После этой неприятной и нелегкой работы мы получили неожиданную, но очень своевременную разрядку. В зал въехали тележки с обедом… В серебристых тарелочках, покрытых фольгой, было сочное жаркое с картофелем. Даже мама, наш непревзойденный кулинар, похвалила его. Мне же наш первый обед в Вене, на этих серебристых тарелочках, показался не просто вкусным, но каким-то особенным, изысканным, «заграничным».

* * *

Окруженные чемоданами и сумками, стоим мы в широком и светлом вестибюле четырехэтажного дома. Здесь нас поселили. В руках у папы – ключ от квартиры. Она на третьем этаже, а лифта в доме нет. Значит, снова всё перетаскивать… Кому? Мне, кому же еще? Папе носить вещи просто нельзя, Эммка слаба и ленива. Мама, конечно, тут же кинется помогать, но смотреть, как она, изгибаясь, прижимая двумя руками ручку чемодана к животу, силится идти с ним по лестнице… Нет уж, мне легче самому вдвое больше перетащить!
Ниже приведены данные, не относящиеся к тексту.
lemma e_up_row_Lam:
  assumes p: "prime p" and r: "1 \<le> r" "r \<le> p - 2" and y: "y \<in> eL p r"
    and sig_Gam: "mmul (eta (hook p (Suc r)) (nc p (Suc r) + 1) 1) y \<in> Gam p"
  shows "mmul (eta (hook p (Suc r)) (nc p (Suc r) + 1) 1) y \<in> Lam p"
proof -
  let ?H = "hook p (Suc r)" and ?N = "nc p (Suc r)"
  define sig where "sig = mmul (eta ?H (?N + 1) 1) y"
  have sig_entry: "sig lam i j = (if lam = ?H \<and> i = ?N + 1 \<and> 1 \<le> nlam ?H then y ?H 1 j else 0)"
    for lam i j unfolding sig_def mmul_eta by simp
  have hook_eq: "hook p k = ?H \<longleftrightarrow> k = Suc r" if "k \<in> {1..p-1}" for k
    using hook_eq_iff[of k "Suc r" p] that by auto
  have N: "?N = nb p r" "1 \<le> ?N" using nc_Suc[OF r(1)] nc_pos[of "Suc r" p] r by auto
  obtain rho where rho: "rho \<in> Lam p" "y = mmul (etl p r) rho" using y eL_memE by blast
  have "hook p r \<noteq> ?H" using hook_eq_iff[of r "Suc r" p] r(1) by simp
  then have y_row: "y ?H 1 j = (if 1 \<le> nlam ?H then rho ?H 1 j else 0)" for j
    unfolding rho(2) mmul_etl by simp
  show ?thesis unfolding sig_def[symmetric]
  proof (rule LamI[OF sig_Gam[folded sig_def]])
    fix k a b assume kab: "k \<in> {1..p-1}" "a \<in> {1..nb p k}" "b \<in> {1..nb p k}"
    have "sig (hook p (Suc k)) a b = 0"
      using kab N hook_eq_iff[of "Suc k" "Suc r" p] by (auto simp: sig_entry)
    moreover have "congp p (sig (hook p k) (nc p k + a) (nc p k + b)) 0"
    proof (cases "k = Suc r \<and> a = 1")
      case True
      have "congp p (rho ?H 1 (?N + b)) 0" using Lam_bc[OF rho(1), of "Suc r" 1 b] kab N r True by auto
      then have "congp p (y ?H 1 (?N + b)) 0" unfolding y_row using congp_refl[OF p] by simp
      then show ?thesis using True congp_refl[OF p] by (simp add: sig_entry)
    qed (use kab hook_eq congp_refl[OF p] in \<open>auto simp: sig_entry\<close>)
    ultimately show "congp p (sig (hook p k) (nc p k + a) (nc p k + b)) (sig (hook p (Suc k)) a b)"
      by simp
  next
    fix k a b assume "k \<in> {1..p-1}" "a \<in> {1..nc p k}" "b \<in> {1..nb p k}"
    then show "congp p (sig (hook p k) a (nc p k + b)) 0"
      using hook_eq congp_refl[OF p] by (auto simp: sig_entry)
  qed
qed
lemma sum_nu_eq_iff_drift_eq_0:
  assumes "0 < g" "g < 1" "k \<ge> 2"
  shows "(\<Sum>j=1..k-1. real j * nu k g l j) = real k * g \<longleftrightarrow> drift k g l = 0"
proof -
  define Z where "Z = (\<Sum>i=1..k-1. p_bin k g i * exp (l * real i))"
  have "Z > 0"
    unfolding Z_def by (rule sum_pos) (use assms in \<open>auto intro!: mult_pos_pos p_bin_pos\<close>)
  have "(\<Sum>j=1..k-1. real j * nu k g l j) = (\<Sum>j=1..k-1. real j * p_bin k g j * exp (l * real j)) / Z"
    unfolding nu_def Z_def[symmetric] by (simp add: sum_divide_distrib mult.assoc)
  then have "(\<Sum>j=1..k-1. real j * nu k g l j) = real k * g \<longleftrightarrow>
      (\<Sum>j=1..k-1. real j * p_bin k g j * exp (l * real j)) - real k * g * Z = 0"
    using \<open>Z > 0\<close> by (simp add: divide_eq_eq)
  also have "(\<Sum>j=1..k-1. real j * p_bin k g j * exp (l * real j)) - real k * g * Z
      = (\<Sum>j=1..k-1. (real j - real k * g) * p_bin k g j * exp (l * real j))"
    unfolding Z_def by (simp add: sum_distrib_left sum_subtractf[symmetric] algebra_simps)
  also have "\<dots> = exp (l * (real k * g)) * drift k g l"
    unfolding drift_def sum_distrib_left
    by (rule sum.cong) (simp_all add: algebra_simps exp_add[symmetric])
  finally show ?thesis
    by simp
qed

lemma drift_reflect: "drift k (1 - g) l = - drift k g (- l)"
proof -
  have "drift k (1 - g) l
      = (\<Sum>j=1..k-1. (real (k - j) - real k * (1 - g)) * p_bin k (1 - g) (k - j)
                    * exp (l * (real (k - j) - real k * (1 - g))))"
    unfolding drift_def by (subst sum.atLeastAtMost_rev) (rule sum.cong; auto simp: Suc_diff_le)
  also have "\<dots> = (\<Sum>j=1..k-1. - ((real j - real k * g) * p_bin k g j * exp (- l * (real j - real k * g))))"
    by (rule sum.cong) (auto simp: p_bin_reflect of_nat_diff algebra_simps)
  finally show ?thesis
    unfolding drift_def by (simp add: sum_negf mult_ac)
qed
(* Let $q$ be a prime power, $1\le k<n\le m$, let $g_1,\dots,g_n\in\mathbb{F}_{q^m}$ be linearly independent over $\mathbb{F}_q$, and let $\mathcal{G}$ be the Gabidulin code of dimension $k$ with respect to $g_1,\dots,g_n$. Then for every $f\in\mathcal{L}_q(x,\mathbb{F}_{q^m})$ with $\deg_q(f)=k$, the word $\sigma_f=(f(g_1),\dots,f(g_n))$ is a deep hole of $\mathcal{G}$ in the rank metric, i.e. $d_R(\sigma_f,\mathcal{G})=n-k$, which equals the covering radius of $\mathcal{G}$. Consequently $\mathcal{G}$ has at least $(q^m-1)q^{mk}$ deep holes in the rank metric.
   Context: A $q$-linearized polynomial over $\mathbb{F}_{q^m}$ is a polynomial $L(x)=\sum_{i=0}^{d}a_ix^{q^i}$ with $a_i\in\mathbb{F}_{q^m}$; if $a_d\ne0$, $d$ is its $q$-degree $\deg_q(L)$. $\mathcal{L}_q(x,\mathbb{F}_{q^m})$ is the set of these. Rank weight: for $\mathbf{u}=(u_1,\dots,u_n)\in\mathbb{F}_{q^m}^n$, $w_R(\mathbf{u})=\dim_{\mathbb{F}_q}\langle u_1,\dots,u_n\rangle$ (the rank of the matrix of coordinates of the $u_j$ in an $\mathbb{F}_q$-basis of $\mathbb{F}_{q^m}$); $d_R(\mathbf{u},\mathbf{v})=w_R(\mathbf{u}-\mathbf{v})$, $d_R(\mathbf{u},C)=\min_{\mathbf{c}\in C}d_R(\mathbf{u},\mathbf{c})$. The covering radius of $C$ is $\max_{\mathbf{u}\in\mathbb{F}_{q^m}^n}d_R(\mathbf{u},C)$, and a deep hole is a word attaining it. The Gabidulin code of dimension $k$ with respect to $\mathbb{F}_q$-linearly independent $g_1,\dots,g_n$ is $\mathcal{G}=\{(v(g_1),\dots,v(g_n)) : v\in\mathcal{L}_q(x,\mathbb{F}_{q^m}),\ v=0\text{ or }\deg_q(v)<k\}$; its covering radius in the rank metric is known to be $n-k$. *)

theory Defs
  imports "HOL-Algebra.Algebra"
begin

text \<open>q-linearized polynomials over the field R, represented by coefficient lists
  a = [a_0, ..., a_d]; L(x) = sum_i a_i x^(q^i).\<close>

definition linpolys :: "('a, 'b) ring_scheme \<Rightarrow> 'a list set" where
  "linpolys R = {a. set a \<subseteq> carrier R}"

definition lin_eval :: "('a, 'b) ring_scheme \<Rightarrow> nat \<Rightarrow> 'a list \<Rightarrow> 'a \<Rightarrow> 'a" where
  "lin_eval R q a x = (\<Oplus>\<^bsub>R\<^esub> i \<in> {..<length a}. a ! i \<otimes>\<^bsub>R\<^esub> (x [^]\<^bsub>R\<^esub> (q ^ i)))"

definition lin_is_zero :: "('a, 'b) ring_scheme \<Rightarrow> 'a list \<Rightarrow> bool" where
  "lin_is_zero R a \<longleftrightarrow> (\<forall>i < length a. a ! i = \<zero>\<^bsub>R\<^esub>)"

text \<open>q-degree: largest index of a nonzero coefficient (meaningful for nonzero a).\<close>
definition lin_qdeg :: "('a, 'b) ring_scheme \<Rightarrow> 'a list \<Rightarrow> nat" where
  "lin_qdeg R a = Max {i. i < length a \<and> a ! i \<noteq> \<zero>\<^bsub>R\<^esub>}"

definition words :: "('a, 'b) ring_scheme \<Rightarrow> nat \<Rightarrow> 'a list set" where
  "words R n = {u. length u = n \<and> set u \<subseteq> carrier R}"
Кстати, беда не в том, что у нас много тяжелого багажа. Некоторые из чемоданов – очень ненадежные, едва держатся. Возьмешься за ручку, а она вытягивается, как резиновая, чемодан провисает вниз и, кажется, вот-вот лопнет. Такие чемоданы надо поднимать вдвоем, с двух краев. А мне как быть? Мне остается одно: воображать, что я занимаюсь тяжелой атлетикой. Бодро говорить себе: наконец-то, Валера, ты стал спортсменом… Держись! И я держался… За время поездки грудь и руки мои стали просто железными. Теперь я мог бы померяться с дедом Ёсхаимом силой рукопожатия.

Нормальные, прочные чемоданы я перетаскивал в обеих руках, по одному в каждой – так даже легче, есть баланс. Те, что могли бы развалиться, поднимал на правое плечо – уже во время первых погрузок и выгрузок я так натренировался, что делал это сам. С одной стороны в чемодан упиралась моя правая щека, с другой я придерживал его рукой. Я нес этот груз не сгибаясь, шагал пружинисто, мерно и немножко любовался собой. То есть воображал, конечно, что мною любуются все вокруг. «Поглядите только – какой красивый кудрявый юнец, высокий, худощавый, но полный сил, – и как легко, без всяких признаков усталости, тащит он этот неподъемный чемодан!». На самом же деле, поставив, наконец, чемодан на землю, я не сразу мог выпрямиться и чувствовал, как от моего набрякшего лица медленно отливает кровь.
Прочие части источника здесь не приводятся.